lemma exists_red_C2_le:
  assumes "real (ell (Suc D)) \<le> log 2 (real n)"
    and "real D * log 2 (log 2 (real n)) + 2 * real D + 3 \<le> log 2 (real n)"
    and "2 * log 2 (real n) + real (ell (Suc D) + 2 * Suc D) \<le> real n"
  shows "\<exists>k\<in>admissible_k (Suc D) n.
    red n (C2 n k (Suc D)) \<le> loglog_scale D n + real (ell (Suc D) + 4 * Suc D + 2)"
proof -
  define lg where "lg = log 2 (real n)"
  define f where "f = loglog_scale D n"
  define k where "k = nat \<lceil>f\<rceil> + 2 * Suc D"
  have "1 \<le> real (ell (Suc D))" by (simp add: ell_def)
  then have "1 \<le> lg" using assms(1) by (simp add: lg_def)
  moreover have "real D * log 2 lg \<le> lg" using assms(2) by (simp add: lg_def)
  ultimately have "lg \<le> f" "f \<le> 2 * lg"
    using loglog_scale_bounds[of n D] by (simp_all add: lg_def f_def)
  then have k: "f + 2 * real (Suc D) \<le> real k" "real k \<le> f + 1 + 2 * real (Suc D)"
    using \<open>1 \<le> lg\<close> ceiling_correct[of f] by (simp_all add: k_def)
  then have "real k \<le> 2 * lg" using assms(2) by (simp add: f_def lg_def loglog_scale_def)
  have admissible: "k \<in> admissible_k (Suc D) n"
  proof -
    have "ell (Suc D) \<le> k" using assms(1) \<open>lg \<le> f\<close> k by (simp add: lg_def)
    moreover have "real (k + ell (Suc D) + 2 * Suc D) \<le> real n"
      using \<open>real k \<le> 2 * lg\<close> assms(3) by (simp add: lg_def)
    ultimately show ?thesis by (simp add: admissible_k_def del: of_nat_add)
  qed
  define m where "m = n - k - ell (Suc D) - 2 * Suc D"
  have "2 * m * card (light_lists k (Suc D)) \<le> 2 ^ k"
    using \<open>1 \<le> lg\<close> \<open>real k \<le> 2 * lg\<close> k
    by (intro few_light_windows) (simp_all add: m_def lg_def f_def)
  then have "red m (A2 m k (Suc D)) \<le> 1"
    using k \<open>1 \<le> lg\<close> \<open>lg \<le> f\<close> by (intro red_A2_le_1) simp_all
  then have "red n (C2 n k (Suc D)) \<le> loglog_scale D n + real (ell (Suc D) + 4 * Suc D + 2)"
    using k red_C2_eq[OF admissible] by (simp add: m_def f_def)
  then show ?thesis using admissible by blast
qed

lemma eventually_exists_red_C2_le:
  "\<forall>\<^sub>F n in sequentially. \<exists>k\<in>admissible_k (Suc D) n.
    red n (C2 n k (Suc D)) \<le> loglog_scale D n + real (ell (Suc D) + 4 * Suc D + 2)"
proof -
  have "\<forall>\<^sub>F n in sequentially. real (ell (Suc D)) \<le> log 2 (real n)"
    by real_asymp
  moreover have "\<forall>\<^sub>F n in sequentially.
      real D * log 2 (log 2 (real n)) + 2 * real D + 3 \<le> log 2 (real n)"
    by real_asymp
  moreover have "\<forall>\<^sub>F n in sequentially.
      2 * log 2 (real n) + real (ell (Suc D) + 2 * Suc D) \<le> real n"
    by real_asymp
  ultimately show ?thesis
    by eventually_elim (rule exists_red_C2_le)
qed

■ Description of the task ■
Where a line above contains the word "close", show that line.

■ Solution to this task ■
    using \<open>1 \<le> lg\<close> ceiling_correct[of f] by (simp_all add: k_def)
    have "ell (Suc D) \<le> k" using assms(1) \<open>lg \<le> f\<close> k by (simp add: lg_def)
      using \<open>real k \<le> 2 * lg\<close> assms(3) by (simp add: lg_def)
    using \<open>1 \<le> lg\<close> \<open>real k \<le> 2 * lg\<close> k
    using k \<open>1 \<le> lg\<close> \<open>lg \<le> f\<close> by (intro red_A2_le_1) simp_all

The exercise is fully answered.